To keep API controllers DRY, we can introduce a utility that translates these parameters into Supabase query builders:

from supabase import Client

async def paginate_supabase_query(
    supabase_client: Client,
    table_name: str,
    params: PaginationParams,
    select_query: str = "*"
) -> dict:
    # Use count='exact' to get the total number of matching items
    response = supabase_client.table(table_name) \
        .select(select_query, count="exact") \
        .range(params.offset, params.offset + params.limit - 1) \
        .execute()
        
    total = response.count if response.count is not None else 0
    items = response.data
    has_more = params.offset + params.limit < total
    
    return {
        "items": items,
        "total": total,
        "limit": params.limit,
        "offset": params.offset,
        "has_more": has_more
    }

2. Cursor-Based Pagination (Token-based)

Best for high-frequency or rapidly changing lists, such as social feeds, messages, or chat histories (e.g., /posts/, /collaborations/, /chat/).
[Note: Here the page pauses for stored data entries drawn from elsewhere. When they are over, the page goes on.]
(* Let $H$ be a Hilbert space and $U_{ik}\in B(H)$, $i,k=1,\dots,n$, operators satisfying relations (R1)–(R5). Let $P_{ik}=U_{ik}^*U_{ik}$ and, for $\sigma\in S_n$, $P_\sigma=P_{1,\sigma^{-1}(1)}P_{2,\sigma^{-1}(2)}\cdots P_{n,\sigma^{-1}(n)}$. Then the projections $P_\sigma$, $\sigma\in S_n$, are central in the C*-algebra generated by $\{U_{ik}\}$ and form a resolution of the identity: $\sum_{\sigma\in S_n}P_\sigma=1$.
   Context: $n\ge2$, $\theta\in M_n(\mathbb R)$ skew-symmetric, $\omega_{ij}=e^{2\pi i\theta_{ij}}$. Relations, for all $i,j,k,l\in\{1,\dots,n\}$: (R1) $U_{ik}U_{jl}+\omega_{ji}U_{jk}U_{il}=\omega_{kl}U_{il}U_{jk}+\omega_{ji}\omega_{kl}U_{jl}U_{ik}$; (R2) $\sum_iU_{ik}U_{il}^*=\delta_{kl}1$; (R3) $\sum_iU_{il}^*U_{ik}=\delta_{kl}1$; (R4) $U_{jk}U_{ik}^*=0$ for $i\neq j$; (R5) $U_{ik}^*U_{jk}=0$ for $i\neq j$. *)

theory Defs
  imports "HOL-Analysis.Analysis" "HOL-Combinatorics.Permutations"
begin

text \<open>Abstract unital C*-algebra: a real Banach algebra 'a with a central element iu
  (the imaginary unit, iu*iu = -1) giving the complex scalar action, and an involution st.\<close>

definition scC :: "'a::real_normed_algebra_1 \<Rightarrow> complex \<Rightarrow> 'a \<Rightarrow> 'a" where
  "scC iu c x = Re c *\<^sub>R x + Im c *\<^sub>R (iu * x)"

definition unital_cstar_algebra :: "('a::{real_normed_algebra_1,banach} \<Rightarrow> 'a) \<Rightarrow> 'a \<Rightarrow> bool" where
  "unital_cstar_algebra st iu \<longleftrightarrow>
     iu * iu = -1 \<and> (\<forall>x. iu * x = x * iu) \<and>
     (\<forall>c x. norm (scC iu c x) = cmod c * norm x) \<and>
     (\<forall>x. st (st x) = x) \<and> (\<forall>x y. st (x + y) = st x + st y) \<and>
     (\<forall>x y. st (x * y) = st y * st x) \<and>
     (\<forall>c x. st (scC iu c x) = scC iu (cnj c) (st x)) \<and>
     (\<forall>x. norm (st x * x) = (norm x)^2)"

definition cstar_subalgebra :: "('a::{real_normed_algebra_1,banach} \<Rightarrow> 'a) \<Rightarrow> 'a \<Rightarrow> 'a set \<Rightarrow> bool" where
  "cstar_subalgebra st iu A \<longleftrightarrow> closed A \<and> 0 \<in> A \<and>
     (\<forall>x\<in>A. \<forall>y\<in>A. x + y \<in> A \<and> x * y \<in> A) \<and>
     (\<forall>x\<in>A. st x \<in> A \<and> (\<forall>c. scC iu c x \<in> A))"

definition cstar_generated :: "('a::{real_normed_algebra_1,banach} \<Rightarrow> 'a) \<Rightarrow> 'a \<Rightarrow> 'a set \<Rightarrow> 'a set" where
  "cstar_generated st iu S = \<Inter>{A. cstar_subalgebra st iu A \<and> S \<subseteq> A}"

definition is_projection :: "('a::ring_1 \<Rightarrow> 'a) \<Rightarrow> 'a \<Rightarrow> bool" where
  "is_projection st p \<longleftrightarrow> st p = p \<and> p * p = p"

definition central_in :: "'a::ring_1 \<Rightarrow> 'a set \<Rightarrow> bool" where
  "central_in p A \<longleftrightarrow> p \<in> A \<and> (\<forall>a\<in>A. p * a = a * p)"

definition omega :: "(nat \<Rightarrow> nat \<Rightarrow> real) \<Rightarrow> nat \<Rightarrow> nat \<Rightarrow> complex" where
  "omega \<theta> i j = exp (2 * complex_of_real pi * \<i> * complex_of_real (\<theta> i j))"

definition Pop :: "('a::ring_1 \<Rightarrow> 'a) \<Rightarrow> (nat \<Rightarrow> nat \<Rightarrow> 'a) \<Rightarrow> nat \<Rightarrow> nat \<Rightarrow> 'a" where
  "Pop st U i k = st (U i k) * U i k"

definition Psigma :: "('a::ring_1 \<Rightarrow> 'a) \<Rightarrow> (nat \<Rightarrow> nat \<Rightarrow> 'a) \<Rightarrow> nat \<Rightarrow> (nat \<Rightarrow> nat) \<Rightarrow> 'a" where
  "Psigma st U n \<sigma> = prod_list (map (\<lambda>i. Pop st U i (inv \<sigma> i)) [1..<n+1])"

end

theory Submission
  imports Defs
begin

text \<open>The relations make every U(i,k) a partial isometry whose source and range projections
  coincide: P(i,k) = U(i,k)* U(i,k) = U(i,k) U(i,k)*. The P(i,k) are orthogonal along rows and along
  columns; the columns sum to 1 by (R3), and a norm estimate shows that then the rows sum to 1 as
  well. For i = j, (R1) says that U(i,k) and U(i,l) commute up to a phase, whence P(i,k) U(i,l) = 0
  for k \<noteq> l; for i \<noteq> j and k \<noteq> l, multiplying (R1) by P(i,k) gives
  P(i,k) U(j,l) P(i,k) = P(i,k) U(j,l), and inserting the k-th column sum gives
  U(j,l) P(i,k) = P(i,k) U(j,l) P(i,k). So every P(i,k), and every product of them, commutes with
  the generators and hence with the generated C*-algebra. Finally, expanding the product of the row
  sums, 1 = (\<Sum>k. P(1,k)) \<cdots> (\<Sum>k. P(n,k)) is the sum over all maps g of P(1,g 1) \<cdots> P(n,g n),
  and the terms with non-injective g vanish by column orthogonality.\<close>

lemma sum_eq_single:
  assumes "finite A" "a \<in> A" "\<And>x. x \<in> A \<Longrightarrow> x \<noteq> a \<Longrightarrow> f x = 0"
  shows "sum f A = f a"
  using sum.mono_neutral_left[of A "{a}" f] assms by auto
Cursor-based pagination avoids duplicate items or skipped items when new records are created while paginating.

Unified Query Parameters (Dependency)
from typing import Optional
from fastapi import Query
from pydantic import BaseModel

class CursorParams(BaseModel):
    limit: int = 20
    cursor: Optional[str] = None

async def get_cursor_params(
    limit: int = Query(default=20, ge=1, le=100, description="Maximum number of items to return"),
    cursor: Optional[str] = Query(default=None, description="Base64 encoded cursor indicating page offset / timestamp")
) -> CursorParams:
    return CursorParams(limit=limit, cursor=cursor)
Standardized Response Model
class CursorPaginatedResponse(BaseModel, Generic[T]):
    items: List[T]
    limit: int
    next_cursor: Optional[str]
    has_more: bool

Implementation Steps

  1. Define Schemas: Create a new file Backend/app/schemas/pagination.py containing the core query and response schemas.
  2. Build Utilities: Create a backend utility module Backend/app/services/pagination.py or similar helper functions to automate the range selection logic in Supabase queries.
  3. Refactor Endpoints: Update existing list endpoints under Backend/app/routes/ (e.g., /posts/, /users/, /sponsorships/) to accept pagination dependencies and return standardized envelopes.
  4. Update Frontend Client: Update the frontend query utilities to correctly handle and parse the new structured pagination response format.

Establishing this standardized contract early in development will greatly simplify frontend integration and guarantee API performance in the long run!